◆ **TO DO**: Please write out exactly, and only, the lines from the first in the material below to the line containing "text \<open>", both included.
START RECORDS FOR PROCESSING
(* Let $G=(V,E)$ be a finite graph, $x_e>0$ for $e\in E$, $\Omega=\{0,1\}^E$ and $\Sigma\subset\Omega$. Suppose that $\Sigma$ contains two elements $\eta'\subset\eta$ with $\prod_{e\in\eta'}x_e<\prod_{e\in\eta}x_e$. Then there exists no probability measure $\mathscr{P}$ on $\Omega\times\Sigma$ whose marginal on $\Sigma$ satisfies $\mathscr{P}_\Sigma[\eta]\propto\prod_{e\in\eta}x_e$ and such that, for every $\omega$ with $\mathscr{P}_\Omega[\omega]\neq0$, the conditional measure $\mathscr{P}[\cdot\mid\omega]$ is the uniform measure on $\Sigma^\downarrow(\omega):=\{\eta\in\Sigma\mid\eta\subset\omega\}$.
   Context: Elements of $\{0,1\}^E$ are identified with subsets of $E$; $\mathscr{P}_\Omega$ denotes the marginal on $\Omega$. *)

theory Defs
  imports "HOL-Probability.Probability"
begin

definition down_set :: "'e set set \<Rightarrow> 'e set \<Rightarrow> 'e set set" where
  "down_set S \<omega> = {\<eta> \<in> S. \<eta> \<subseteq> \<omega>}"

end

theory Submission
  imports Defs
begin

text \<open>
  Fix a configuration \<omega> of positive probability. Since the conditional law of the second
  coordinate given \<omega> is uniform on the down-set D(\<omega>) = {\<zeta> \<in> \<Sigma>. \<zeta> \<subseteq> \<omega>}, the joint
  weight P(\<omega>, \<zeta>) equals P(first = \<omega>) / |D(\<omega>)| for every \<zeta> \<in> D(\<omega>) and vanishes
  otherwise. As \<eta> \<in> D(\<omega>) forces \<eta>' \<in> D(\<omega>), this gives P(\<omega>, \<eta>) \<le> P(\<omega>, \<eta>') for every
  \<omega>, and summing over \<omega> bounds the \<Sigma>-marginal of \<eta> by that of \<eta>'. The proportionality
  constant of the marginal is positive, so this contradicts the strict inequality between
  the weights of \<eta>' and \<eta>.
\<close>

lemma pmf_map_snd_eq_sum:
  fixes M :: "('a \<times> 'b) pmf"
  assumes "finite W" and "fst ` set_pmf M \<subseteq> W"
  shows "pmf (map_pmf snd M) y = (\<Sum>w\<in>W. pmf M (w, y))"
proof -
  have "pmf (map_pmf snd M) y = measure M (snd -` {y})"
    by (rule pmf_map)
  also have "\<dots> = measure M ((\<lambda>w. (w, y)) ` W)"
    using assms(2) by (intro measure_prob_cong_0) (force simp: set_pmf_eq)+
  also have "\<dots> = (\<Sum>w\<in>W. pmf M (w, y))"
    using assms(1) by (simp add: measure_measure_pmf_finite sum.reindex inj_on_def)
  finally show ?thesis .
qed

lemma pmf_map_snd_cond_fst:
  fixes P :: "('a \<times> 'b) pmf"
  assumes "w \<in> set_pmf (map_pmf fst P)"
  shows "pmf (map_pmf snd (cond_pmf P {z. fst z = w})) y = pmf P (w, y) / pmf (map_pmf fst P) w"
proof -
  have ne: "set_pmf P \<inter> {z. fst z = w} \<noteq> {}"
    using assms by auto
  have "pmf (map_pmf snd (cond_pmf P {z. fst z = w})) y = pmf (cond_pmf P {z. fst z = w}) (w, y)"
    using pmf_map_snd_eq_sum[of "{w}" "cond_pmf P {z. fst z = w}"] set_cond_pmf[OF ne] by auto
  also have "\<dots> = pmf P (w, y) / measure P {z. fst z = w}"
    by (simp add: pmf_cond[OF ne])
  also have "measure P {z. fst z = w} = pmf (map_pmf fst P) w"
    by (simp add: pmf_map vimage_def)
  finally show ?thesis .
qed

lemma pmf_eq_if_cond_fst_uniform:
  fixes P :: "('a \<times> 'b) pmf"
  assumes "w \<in> set_pmf (map_pmf fst P)"
    and "map_pmf snd (cond_pmf P {z. fst z = w}) = pmf_of_set D"
    and "finite D" and "y \<in> D"
  shows "pmf P (w, y) = pmf (map_pmf fst P) w / card D"
proof -
  have "D \<noteq> {}"
    using assms(4) by auto
  then have "pmf P (w, y) / pmf (map_pmf fst P) w = 1 / card D"
    using pmf_map_snd_cond_fst[OF assms(1), of y] assms(2-4) by simp
  moreover have "pmf (map_pmf fst P) w > 0"
    using assms(1) by (rule pmf_positive)
  ultimately show ?thesis
    by (simp add: field_simps)
qed

definition cond_snd_uniform_on_down_sets :: "'e set set \<Rightarrow> ('e set \<times> 'e set) pmf \<Rightarrow> bool" where
  "cond_snd_uniform_on_down_sets S P \<longleftrightarrow>
    (\<forall>\<omega>. pmf (map_pmf fst P) \<omega> \<noteq> 0 \<longrightarrow>
       down_set S \<omega> \<noteq> {} \<and>
       map_pmf snd (cond_pmf P {z. fst z = \<omega>}) = pmf_of_set (down_set S \<omega>))"

lemma pmf_le_if_cond_uniform_down_set:
  fixes P :: "('e set \<times> 'e set) pmf"
  assumes "finite w"
    and cond: "cond_snd_uniform_on_down_sets S P"
    and "\<eta>' \<in> S" and "\<eta>' \<subseteq> \<eta>"
  shows "pmf P (w, \<eta>) \<le> pmf P (w, \<eta>')"
proof (cases "(w, \<eta>) \<in> set_pmf P")
  case False
  then show ?thesis
    by (simp add: set_pmf_eq)
next
  case True
  then have w: "w \<in> set_pmf (map_pmf fst P)"
    by force
  then have ne: "down_set S w \<noteq> {}"
    and unif: "map_pmf snd (cond_pmf P {z. fst z = w}) = pmf_of_set (down_set S w)"
    using cond by (auto simp: cond_snd_uniform_on_down_sets_def set_pmf_eq)
  have fin: "finite (down_set S w)"
    using \<open>finite w\<close> by (auto simp: down_set_def intro: finite_subset[of _ "Pow w"])
  have "\<eta> \<in> set_pmf (map_pmf snd (cond_pmf P {z. fst z = w}))"
    using True by (subst set_map_pmf, subst set_cond_pmf) force+
  then have "\<eta> \<in> down_set S w"
    using unif fin ne by simp
  moreover have "\<eta>' \<in> down_set S w"
    using calculation assms(3,4) by (auto simp: down_set_def)
  ultimately show ?thesis
    using pmf_eq_if_cond_fst_uniform[OF w unif fin] by simp
qed

lemma pmf_map_snd_le_if_cond_uniform_down_set:
  fixes P :: "('e set \<times> 'e set) pmf"
  assumes "finite E" and supp: "fst ` set_pmf P \<subseteq> Pow E"
    and "cond_snd_uniform_on_down_sets S P"
    and "\<eta>' \<in> S" and "\<eta>' \<subseteq> \<eta>"
  shows "pmf (map_pmf snd P) \<eta> \<le> pmf (map_pmf snd P) \<eta>'"
proof -
  have "pmf P (w, \<eta>) \<le> pmf P (w, \<eta>')" if "w \<in> Pow E" for w
    using that assms(1) pmf_le_if_cond_uniform_down_set[OF _ assms(3-5)]
    by (meson PowD finite_subset)
  then show ?thesis
    unfolding pmf_map_snd_eq_sum[OF finite_Pow_iff[THEN iffD2, OF assms(1)] supp]
    by (rule sum_mono)
qed

theorem lemma3p4:
  fixes E :: "'e set" and x :: "'e \<Rightarrow> real" and S :: "'e set set"
    and \<eta>' \<eta> :: "'e set"
  assumes "finite E"
    and "\<forall>e\<in>E. x e > 0"
    and "S \<subseteq> Pow E"
    and "\<eta>' \<in> S" and "\<eta> \<in> S" and "\<eta>' \<subseteq> \<eta>"
    and "(\<Prod>e\<in>\<eta>'. x e) < (\<Prod>e\<in>\<eta>. x e)"
  shows "\<not> (\<exists>P :: ('e set \<times> 'e set) pmf.
            set_pmf P \<subseteq> Pow E \<times> S
          \<and> (\<exists>c. \<forall>\<zeta>\<in>S. pmf (map_pmf snd P) \<zeta> = c * (\<Prod>e\<in>\<zeta>. x e))
          \<and> (\<forall>\<omega>. pmf (map_pmf fst P) \<omega> \<noteq> 0 \<longrightarrow>
                 down_set S \<omega> \<noteq> {} \<and>
                 map_pmf snd (cond_pmf P {z. fst z = \<omega>}) = pmf_of_set (down_set S \<omega>)))"
proof (intro notI, elim exE conjE)
  fix P :: "('e set \<times> 'e set) pmf" and c
  assume supp: "set_pmf P \<subseteq> Pow E \<times> S"
    and marginal: "\<forall>\<zeta>\<in>S. pmf (map_pmf snd P) \<zeta> = c * (\<Prod>e\<in>\<zeta>. x e)"
    and cond: "\<forall>\<omega>. pmf (map_pmf fst P) \<omega> \<noteq> 0 \<longrightarrow>
                 down_set S \<omega> \<noteq> {} \<and>
                 map_pmf snd (cond_pmf P {z. fst z = \<omega>}) = pmf_of_set (down_set S \<omega>)"
  have "fst ` set_pmf P \<subseteq> Pow E"
    using supp by force
  then have "c * (\<Prod>e\<in>\<eta>. x e) \<le> c * (\<Prod>e\<in>\<eta>'. x e)"
    using pmf_map_snd_le_if_cond_uniform_down_set
        [OF assms(1) _ cond[folded cond_snd_uniform_on_down_sets_def] assms(4,6)]
      marginal assms(4,5) by simp
  moreover have "c > 0"
  proof -
    obtain \<zeta> where \<zeta>: "\<zeta> \<in> set_pmf (map_pmf snd P)"
      using set_pmf_not_empty[of "map_pmf snd P"] by blast
    then have "\<zeta> \<in> S"
      using supp by auto
    then have "(\<Prod>e\<in>\<zeta>. x e) > 0"
      using assms(2,3) by (intro prod_pos) auto
    moreover have "pmf (map_pmf snd P) \<zeta> > 0"
      using \<zeta> by (rule pmf_positive)
    ultimately show ?thesis
      using marginal \<open>\<zeta> \<in> S\<close> by (simp add: zero_less_mult_iff)
  qed
  ultimately show False
    using assms(7) by simp
qed

end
END RECORDS FOR PROCESSING
◆ **PROBLEM SOLUTION**:
(* Let $G=(V,E)$ be a finite graph, $x_e>0$ for $e\in E$, $\Omega=\{0,1\}^E$ and $\Sigma\subset\Omega$. Suppose that $\Sigma$ contains two elements $\eta'\subset\eta$ with $\prod_{e\in\eta'}x_e<\prod_{e\in\eta}x_e$. Then there exists no probability measure $\mathscr{P}$ on $\Omega\times\Sigma$ whose marginal on $\Sigma$ satisfies $\mathscr{P}_\Sigma[\eta]\propto\prod_{e\in\eta}x_e$ and such that, for every $\omega$ with $\mathscr{P}_\Omega[\omega]\neq0$, the conditional measure $\mathscr{P}[\cdot\mid\omega]$ is the uniform measure on $\Sigma^\downarrow(\omega):=\{\eta\in\Sigma\mid\eta\subset\omega\}$.
   Context: Elements of $\{0,1\}^E$ are identified with subsets of $E$; $\mathscr{P}_\Omega$ denotes the marginal on $\Omega$. *)

theory Defs
  imports "HOL-Probability.Probability"
begin

definition down_set :: "'e set set \<Rightarrow> 'e set \<Rightarrow> 'e set set" where
  "down_set S \<omega> = {\<eta> \<in> S. \<eta> \<subseteq> \<omega>}"

end

theory Submission
  imports Defs
begin

text \<open>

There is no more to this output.